Na sessão deste próximo sábado, 11 de agosto, às 14:30h, o Cineclube Dissenso exibirá A FORTALEZA INFERNAL (The Keep, 1983). Vagamente adaptado do best seller de F. Paul Wilson, o segundo longa de Michael Mann para as telas de cinema foi a única incursão do diretor no universo dos gêneros fantásticos. Trata-se de um daqueles títulos que foram um fracasso de público e crítica na ocasião de seu lançamento e que agora desfrutam de uma melhor compreensão graças ao valor que fãs e estudiosos deram a ele com o passar dos anos.

O livro de Wilson é uma história gótica de horror ambientada na Romênia de 1941, durante a 2a. Guerra Mundial. Mann queria mais do que apenas contar uma história de horror, ele também tentou fazer de A FORTALEZA INFERNAL um conto de fadas para adultos e não poupou o seu filme de sequências surrealistas. Ele vinha de um longa completamente urbano chamado PROFISSÃO LADRÃO (Thief, 1981), uma obra-prima que não apenas traria todos os elementos a serem trabalhados pelo diretor em seus futuros filmes policiais, mas também o seu forte apuro visual e o interesse em buscar a humanidade de seus personagens. De certa forma, apesar da completa diferença de gêneros e cenário, A FORTALEZA INFERNAL progride com o interesse do diretor no comportamento destes personagens, agora em sua maioria, um grupo de nazistas que acidentalmente libera uma maligna entidade sobrenatural da Fortaleza do título.
Outros achados do longa são o elenco, composto não por “nomes”, mas por excelentes atores como Scott Glenn, Jürgen Prochnow, Gabriel Byrne, Ian McKellen e Robert Prosky; o forte visual da produção, carregada de expressionismo e claro, a inesquecível trilha sonora do grupo alemão Tangerine Dream.
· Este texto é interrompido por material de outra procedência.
(* Let $H\in C^\infty(\mathbb{R}^2)$ be convex and let $U\subset\mathbb{R}^2$ be a domain. For every $v\in C^\infty(U)$, $$\langle D^2_{pp}H(Dv)D[H(Dv)],D[H(Dv)]\rangle-\operatorname{div}[D_pH(Dv)]\,\mathscr A_H[v]=(-\det D^2v)\langle[D^2_{pp}H(Dv)]^*D_pH(Dv),D_pH(Dv)\rangle\quad\text{in }U.$$
   Context: $\mathscr A_H[v]:=\sum_{i,j=1}^2H_{p_i}(Dv)H_{p_j}(Dv)v_{x_ix_j}$. For a $2\times2$ matrix $A=(a_{ij})$, $A^*$ is its adjugate $\begin{pmatrix}a_{22}&-a_{21}\\-a_{12}&a_{11}\end{pmatrix}$. *)

theory Defs
  imports "HOL-Analysis.Analysis"
begin

text \<open>Points of the plane are elements of real^2; coordinates are indexed by 1 and 2 :: 2.\<close>

definition partial :: "2 \<Rightarrow> (real^2 \<Rightarrow> real) \<Rightarrow> real^2 \<Rightarrow> real" where
  "partial i f x = deriv (\<lambda>t. f (x + t *\<^sub>R axis i 1)) 0"

fun iter_partial :: "2 list \<Rightarrow> (real^2 \<Rightarrow> real) \<Rightarrow> real^2 \<Rightarrow> real" where
  "iter_partial [] f = f"
| "iter_partial (i # is) f = partial i (iter_partial is f)"

definition smooth_on :: "(real^2) set \<Rightarrow> (real^2 \<Rightarrow> real) \<Rightarrow> bool" where
  "smooth_on U f \<longleftrightarrow> (\<forall>is. \<forall>x\<in>U. iter_partial is f differentiable (at x))"

definition grad :: "(real^2 \<Rightarrow> real) \<Rightarrow> real^2 \<Rightarrow> real^2" where
  "grad f x = (\<chi> i. partial i f x)"

definition hess :: "(real^2 \<Rightarrow> real) \<Rightarrow> real^2 \<Rightarrow> real^2^2" where
  "hess f x = (\<chi> i j. partial i (partial j f) x)"

definition adj2 :: "real^2^2 \<Rightarrow> real^2^2" where
  "adj2 A = (\<chi> i j. if i = 1 \<and> j = 1 then A $ 2 $ 2
                    else if i = 1 \<and> j = 2 then - A $ 2 $ 1
                    else if i = 2 \<and> j = 1 then - A $ 1 $ 2
                    else A $ 1 $ 1)"

definition AH :: "(real^2 \<Rightarrow> real) \<Rightarrow> (real^2 \<Rightarrow> real) \<Rightarrow> real^2 \<Rightarrow> real" where
  "AH H v x = (\<Sum>i\<in>UNIV. \<Sum>j\<in>UNIV.
      partial i H (grad v x) * partial j H (grad v x) * partial i (partial j v) x)"

end

theory Submission
  imports Defs
begin

text \<open>Write a = D_pH(Dv), B = D^2_ppH(Dv) and S = D^2v. By the chain rule,
  D[H(Dv)] = S a, div[D_pH(Dv)] = tr (S B) and A_H[v] = <a, S a>. The claim is then a
  polynomial identity for 2x2 matrices that only needs the symmetry of S (Schwarz's theorem).\<close>

lemma has_real_derivative_along_line:
  assumes "(f has_derivative f') (at (y + t *\<^sub>R e))"
  shows "((\<lambda>s. f (y + s *\<^sub>R e)) has_real_derivative f' e) (at t)"
proof -
  have "((\<lambda>s. y + s *\<^sub>R e) has_derivative (\<lambda>s. s *\<^sub>R e)) (at t)"
    by (auto intro!: derivative_eq_intros)
  then have "((\<lambda>s. f (y + s *\<^sub>R e)) has_derivative (\<lambda>s. f' (s *\<^sub>R e))) (at t)"
    using has_derivative_compose assms by blast
  moreover have "\<And>s. s * f' e = f' (s *\<^sub>R e)"
    using assms has_derivative_linear linear_scale by (metis real_scaleR_def)
  ultimately show ?thesis
    by (rule has_derivative_imp_has_field_derivative)
qed

lemma partial_eq_derivative:
  assumes "(f has_derivative f') (at z)"
  shows "partial k f z = f' (axis k 1)"
  unfolding partial_def
  by (rule DERIV_imp_deriv, rule has_real_derivative_along_line) (use assms in simp)

lemma has_real_derivative_partial_along_axis:
  assumes "f differentiable (at (y + t *\<^sub>R axis k 1))"
  shows "((\<lambda>s. f (y + s *\<^sub>R axis k 1)) has_real_derivative partial k f (y + t *\<^sub>R axis k 1)) (at t)"
proof -
  obtain f' where f': "(f has_derivative f') (at (y + t *\<^sub>R axis k 1))"
    using assms by (auto simp: differentiable_def)
  show ?thesis
    using has_real_derivative_along_line[OF f'] partial_eq_derivative[OF f'] by simp
qed

lemma grad_eq_axis_sum: "grad v y = partial 1 v y *\<^sub>R axis 1 1 + partial 2 v y *\<^sub>R axis 2 1"
  by (simp add: grad_def vec_eq_iff forall_2 axis_def)

lemma grad_comp_grad:
  assumes g: "g differentiable (at (grad v x))"
    and v: "\<And>i. partial i v differentiable (at x)"
  shows "grad (\<lambda>y. g (grad v y)) x = hess v x *v grad g (grad v x)"
proof -
  obtain G where G: "(g has_derivative G) (at (grad v x))"
    using g by (auto simp: differentiable_def)
  obtain D1 where D1: "(partial 1 v has_derivative D1) (at x)"
    using v by (auto simp: differentiable_def)
  obtain D2 where D2: "(partial 2 v has_derivative D2) (at x)"
    using v by (auto simp: differentiable_def)
  have "(grad v has_derivative (\<lambda>d. D1 d *\<^sub>R axis 1 1 + D2 d *\<^sub>R axis 2 1)) (at x)"
    unfolding grad_eq_axis_sum[abs_def]
    by (intro has_derivative_add has_derivative_scaleR_left D1 D2)
  then have comp: "((\<lambda>y. g (grad v y)) has_derivative
      (\<lambda>d. G (D1 d *\<^sub>R axis 1 1 + D2 d *\<^sub>R axis 2 1))) (at x)"
    using has_derivative_compose G by blast
  have "linear G"
    using G has_derivative_linear by blast
  then have "G (a *\<^sub>R axis 1 1 + b *\<^sub>R axis 2 1) = a * G (axis 1 1) + b * G (axis 2 1)" for a b
    by (simp add: linear_add linear_scale)
  then show ?thesis
    using partial_eq_derivative[OF comp] partial_eq_derivative[OF G]
      partial_eq_derivative[OF D1] partial_eq_derivative[OF D2]
    by (simp add: vec_eq_iff grad_def hess_def matrix_vector_mult_def sum_2 mult.commute)
qed

lemma second_difference_mean_value:
  fixes f :: "real^2 \<Rightarrow> real" and i j :: 2
  assumes h: "h > 0"
    and diff: "\<And>s t. 0 \<le> s \<Longrightarrow> s \<le> h \<Longrightarrow> 0 \<le> t \<Longrightarrow> t \<le> h \<Longrightarrow>
      f differentiable (at (x + s *\<^sub>R axis i 1 + t *\<^sub>R axis j 1)) \<and>
      partial i f differentiable (at (x + s *\<^sub>R axis i 1 + t *\<^sub>R axis j 1))"
  obtains s t where "0 < s" "s < h" "0 < t" "t < h"
    "f (x + h *\<^sub>R axis i 1 + h *\<^sub>R axis j 1) - f (x + h *\<^sub>R axis i 1) - f (x + h *\<^sub>R axis j 1) + f x
      = h\<^sup>2 * partial j (partial i f) (x + s *\<^sub>R axis i 1 + t *\<^sub>R axis j 1)"
proof -
  define ei where "ei = axis i (1::real)"
  define ej where "ej = axis j (1::real)"
  define g where "g s = f ((x + h *\<^sub>R ej) + s *\<^sub>R ei) - f (x + s *\<^sub>R ei)" for s
  have "DERIV g s :> partial i f ((x + h *\<^sub>R ej) + s *\<^sub>R ei) - partial i f (x + s *\<^sub>R ei)"
    if "0 \<le> s" "s \<le> h" for s
  proof -
    have "f differentiable (at ((x + h *\<^sub>R ej) + s *\<^sub>R ei))"
      using diff[of s h] that h by (simp add: ei_def ej_def add_ac)
    moreover have "f differentiable (at (x + s *\<^sub>R ei))"
      using diff[of s 0] that h by (simp add: ei_def ej_def)
    ultimately show ?thesis
      unfolding g_def ei_def
      by (intro derivative_intros has_real_derivative_partial_along_axis)
  qed
  from MVT2[OF h this] obtain s where s: "0 < s" "s < h"
    and gs: "g h - g 0 = h * (partial i f ((x + h *\<^sub>R ej) + s *\<^sub>R ei) - partial i f (x + s *\<^sub>R ei))"
    by auto
  define k where "k t = partial i f ((x + s *\<^sub>R ei) + t *\<^sub>R ej)" for t
  have "DERIV k t :> partial j (partial i f) ((x + s *\<^sub>R ei) + t *\<^sub>R ej)"
    if "0 \<le> t" "t \<le> h" for t
  proof -
    have "partial i f differentiable (at ((x + s *\<^sub>R ei) + t *\<^sub>R ej))"
      using diff[of s t] that s by (simp add: ei_def ej_def)
    then show ?thesis
      unfolding k_def ej_def by (rule has_real_derivative_partial_along_axis)
  qed
  from MVT2[OF h this] obtain t where t: "0 < t" "t < h"
    and kt: "k h - k 0 = h * partial j (partial i f) ((x + s *\<^sub>R ei) + t *\<^sub>R ej)"
    by auto
  have "f (x + h *\<^sub>R ei + h *\<^sub>R ej) - f (x + h *\<^sub>R ei) - f (x + h *\<^sub>R ej) + f x = g h - g 0"
    by (simp add: g_def add_ac)
  also have "\<dots> = h * (k h - k 0)"
    using gs by (simp add: k_def add_ac)
  also have "\<dots> = h\<^sup>2 * partial j (partial i f) ((x + s *\<^sub>R ei) + t *\<^sub>R ej)"
    using kt by (simp add: power2_eq_square)
  finally show ?thesis
    using that s t unfolding ei_def ej_def by blast
qed

text \<open>Schwarz's theorem: both mixed partials are limits of the same second difference
  quotient, which the mean value theorem expresses through either of them.\<close>

lemma partial_partial_commute:
  fixes f :: "real^2 \<Rightarrow> real"
  assumes S: "open S" "x \<in> S"
    and diff: "\<And>y i. y \<in> S \<Longrightarrow> f differentiable (at y) \<and> partial i f differentiable (at y)"
    and cont12: "continuous (at x) (partial 1 (partial 2 f))"
    and cont21: "continuous (at x) (partial 2 (partial 1 f))"
  shows "partial 1 (partial 2 f) x = partial 2 (partial 1 f) x"
proof (rule ccontr)
  let ?a = "partial 1 (partial 2 f) x" and ?b = "partial 2 (partial 1 f) x"
  assume "?a \<noteq> ?b"
  define e where "e = \<bar>?a - ?b\<bar> / 3"
  have e: "e > 0"
    using \<open>?a \<noteq> ?b\<close> by (simp add: e_def)
  obtain d0 where d0: "d0 > 0" "ball x d0 \<subseteq> S"
    using S open_contains_ball by blast
  obtain d1 where d1: "d1 > 0" "\<And>y. dist y x < d1 \<Longrightarrow> dist (partial 1 (partial 2 f) y) ?a < e"
    using cont12 e unfolding continuous_at_eps_delta by blast
  obtain d2 where d2: "d2 > 0" "\<And>y. dist y x < d2 \<Longrightarrow> dist (partial 2 (partial 1 f) y) ?b < e"
    using cont21 e unfolding continuous_at_eps_delta by blast
  define h where "h = min d0 (min d1 d2) / 3"
  have h: "h > 0"
    using d0 d1 d2 by (simp add: h_def)
  have close: "dist (x + s *\<^sub>R axis i 1 + t *\<^sub>R axis j 1) x < min d0 (min d1 d2)"
    if "0 \<le> s" "s \<le> h" "0 \<le> t" "t \<le> h" for s t and i j :: 2
  proof -
    have "dist (x + s *\<^sub>R axis i 1 + t *\<^sub>R axis j 1) x
        = norm (s *\<^sub>R axis i (1::real) + t *\<^sub>R axis j 1)"
      by (simp add: dist_norm)
    also have "\<dots> \<le> norm (s *\<^sub>R axis i (1::real)) + norm (t *\<^sub>R axis j (1::real))"
      by (rule norm_triangle_ineq)
    also have "\<dots> = s + t"
      using that by simp
    finally show ?thesis
      using that h unfolding h_def by linarith
  qed
  have diff_rect: "f differentiable (at (x + s *\<^sub>R axis i 1 + t *\<^sub>R axis j 1)) \<and>
      partial i f differentiable (at (x + s *\<^sub>R axis i 1 + t *\<^sub>R axis j 1))"
    if "0 \<le> s" "s \<le> h" "0 \<le> t" "t \<le> h" for s t and i j :: 2
    using close[OF that, of i j] d0(2) diff by (auto simp: dist_commute subset_iff)
  obtain s1 t1 where st1: "0 < s1" "s1 < h" "0 < t1" "t1 < h"
    and E1: "f (x + h *\<^sub>R axis 1 1 + h *\<^sub>R axis 2 1) - f (x + h *\<^sub>R axis 1 1) - f (x + h *\<^sub>R axis 2 1) + f x
      = h\<^sup>2 * partial 2 (partial 1 f) (x + s1 *\<^sub>R axis 1 1 + t1 *\<^sub>R axis 2 1)"
    using second_difference_mean_value[where i=1 and j=2, OF h diff_rect] by blast
  obtain s2 t2 where st2: "0 < s2" "s2 < h" "0 < t2" "t2 < h"
    and E2: "f (x + h *\<^sub>R axis 2 1 + h *\<^sub>R axis 1 1) - f (x + h *\<^sub>R axis 2 1) - f (x + h *\<^sub>R axis 1 1) + f x
      = h\<^sup>2 * partial 1 (partial 2 f) (x + s2 *\<^sub>R axis 2 1 + t2 *\<^sub>R axis 1 1)"
    using second_difference_mean_value[where i=2 and j=1, OF h diff_rect] by blast
  have swap: "x + h *\<^sub>R axis 2 1 + h *\<^sub>R axis 1 1 = x + h *\<^sub>R axis 1 1 + h *\<^sub>R axis (2::2) 1"
    by (simp add: add_ac)
  have "h\<^sup>2 * partial 2 (partial 1 f) (x + s1 *\<^sub>R axis 1 1 + t1 *\<^sub>R axis 2 1)
      = h\<^sup>2 * partial 1 (partial 2 f) (x + s2 *\<^sub>R axis 2 1 + t2 *\<^sub>R axis 1 1)"
    using E1 E2[unfolded swap] by linarith
  then have same: "partial 2 (partial 1 f) (x + s1 *\<^sub>R axis 1 1 + t1 *\<^sub>R axis 2 1)
      = partial 1 (partial 2 f) (x + s2 *\<^sub>R axis 2 1 + t2 *\<^sub>R axis 1 1)"
    using h by simp
  have "\<bar>partial 2 (partial 1 f) (x + s1 *\<^sub>R axis 1 1 + t1 *\<^sub>R axis 2 1) - ?b\<bar> < e"
    using close[of s1 t1 1 2] st1 d2(2) by (simp add: dist_real_def)
  moreover have "\<bar>partial 1 (partial 2 f) (x + s2 *\<^sub>R axis 2 1 + t2 *\<^sub>R axis 1 1) - ?a\<bar> < e"
    using close[of s2 t2 2 1] st2 d1(2) by (simp add: dist_real_def)
  ultimately have "\<bar>?a - ?b\<bar> < 2 * e"
    using same by linarith
  moreover have "\<bar>?a - ?b\<bar> = 3 * e"
    by (simp add: e_def)
  ultimately show False
    using e by linarith
qed

lemma smooth_on_differentiable:
  assumes "smooth_on U f" "x \<in> U"
  shows "f differentiable (at x)" "partial i f differentiable (at x)"
    "partial i (partial j f) differentiable (at x)"
proof -
  have "\<And>is. iter_partial is f differentiable (at x)"
    using assms unfolding smooth_on_def by blast
  from this[of "[]"] this[of "[i]"] this[of "[i, j]"] show
    "f differentiable (at x)" "partial i f differentiable (at x)"
    "partial i (partial j f) differentiable (at x)" by simp_all
qed

lemma transpose_hess:
  assumes "smooth_on U f" "open U" "x \<in> U"
  shows "transpose (hess f x) = hess f x"
proof -
  have "partial 1 (partial 2 f) x = partial 2 (partial 1 f) x"
    using assms smooth_on_differentiable[OF assms(1)]
    by (intro partial_partial_commute[of U]) (auto intro: differentiable_imp_continuous_within)
  then show ?thesis
    by (simp add: transpose_def hess_def vec_eq_iff forall_2)
qed

lemma adj2_quadratic_form_identity:
  fixes A S :: "real^2^2" and a :: "real^2"
  assumes "transpose S = S"
  shows "(A *v (S *v a)) \<bullet> (S *v a) - trace (S ** A) * (a \<bullet> (S *v a))
       = - det S * ((adj2 A *v a) \<bullet> a)"
proof -
  have "S $ 2 $ 1 = S $ 1 $ 2"
    using arg_cong[where f="\<lambda>M. M $ 1 $ 2", OF assms] by (simp add: transpose_def)
  then show ?thesis
    by (simp add: matrix_vector_mult_def inner_vec_def trace_def matrix_matrix_mult_def
        adj2_def det_2 sum_2) (simp add: algebra_simps)
qed

theorem lemma2p1:
  fixes H v :: "real^2 \<Rightarrow> real" and U :: "(real^2) set"
  assumes "smooth_on UNIV H" and "convex_on UNIV H"
    and "open U" and "connected U"
    and "smooth_on U v"
    and "x \<in> U"
  shows "(hess H (grad v x) *v grad (\<lambda>y. H (grad v y)) x) \<bullet> grad (\<lambda>y. H (grad v y)) x
         - (\<Sum>i\<in>UNIV. partial i (\<lambda>y. partial i H (grad v y)) x) * AH H v x
       = (- det (hess v x)) * ((adj2 (hess H (grad v x)) *v grad H (grad v x)) \<bullet> grad H (grad v x))"
proof -
  let ?p = "grad v x" and ?S = "hess v x"
  note H = smooth_on_differentiable[OF assms(1) UNIV_I]
  note v = smooth_on_differentiable[OF assms(5,6)]
  have grad_H: "grad (\<lambda>y. H (grad v y)) x = ?S *v grad H ?p"
    using H v by (intro grad_comp_grad)
  have "partial i (\<lambda>y. partial i H (grad v y)) x = (?S *v grad (partial i H) ?p) $ i" for i
  proof -
    have "grad (\<lambda>y. partial i H (grad v y)) x = ?S *v grad (partial i H) ?p"
      using H v by (intro grad_comp_grad)
    from arg_cong[where f="\<lambda>w. w $ i", OF this] show ?thesis
      by (simp only: grad_def vec_lambda_beta)
  qed
  then have div: "(\<Sum>i\<in>UNIV. partial i (\<lambda>y. partial i H (grad v y)) x) = trace (?S ** hess H ?p)"
    by (simp add: trace_def matrix_matrix_mult_def matrix_vector_mult_def grad_def hess_def)
  have AH: "AH H v x = grad H ?p \<bullet> (?S *v grad H ?p)"
    by (simp add: AH_def inner_vec_def matrix_vector_mult_def grad_def hess_def
        sum_distrib_left mult_ac)
  show ?thesis
    unfolding grad_H div AH
    using adj2_quadratic_form_identity transpose_hess[OF assms(5,3,6)] by blast
qed

end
O grande porém é que a Paramount – estúdio por trás do filme – não teve interesse em investir mais dinheiro para a finalização do projeto. Eles rejeitaram o primeiro corte de Mann com três horas de duração, que depois seriam reduzidas para pouco mais de 90 minutos incluindo os créditos. Sem falar dos problemas com efeitos visuais que deveriam ser resolvidos pela equipe sem a ajuda do supervisor Wally Veevers, uma lenda do ofício que faleceria duas semanas após o início da pós-produção. Por isso não é nenhuma surpresa que o próprio Michael Mann hoje renegue esse trabalho e o resultado final seja um tanto bagunçado, mas as visíveis falhas não diminuem o impacto e o fascínio que este esquecido filme poderá despertar no espectador do cineclube. São experiências cinematográficas como A FORTALEZA INFERNAL que fazem este seu modesto escriba pensar que o Cinema seria um belo amigo da imperfeição.
SERVIÇO
Cineclube Dissenso
A Fortaleza Infernal (Michael Mann, Inglaterra, 1983)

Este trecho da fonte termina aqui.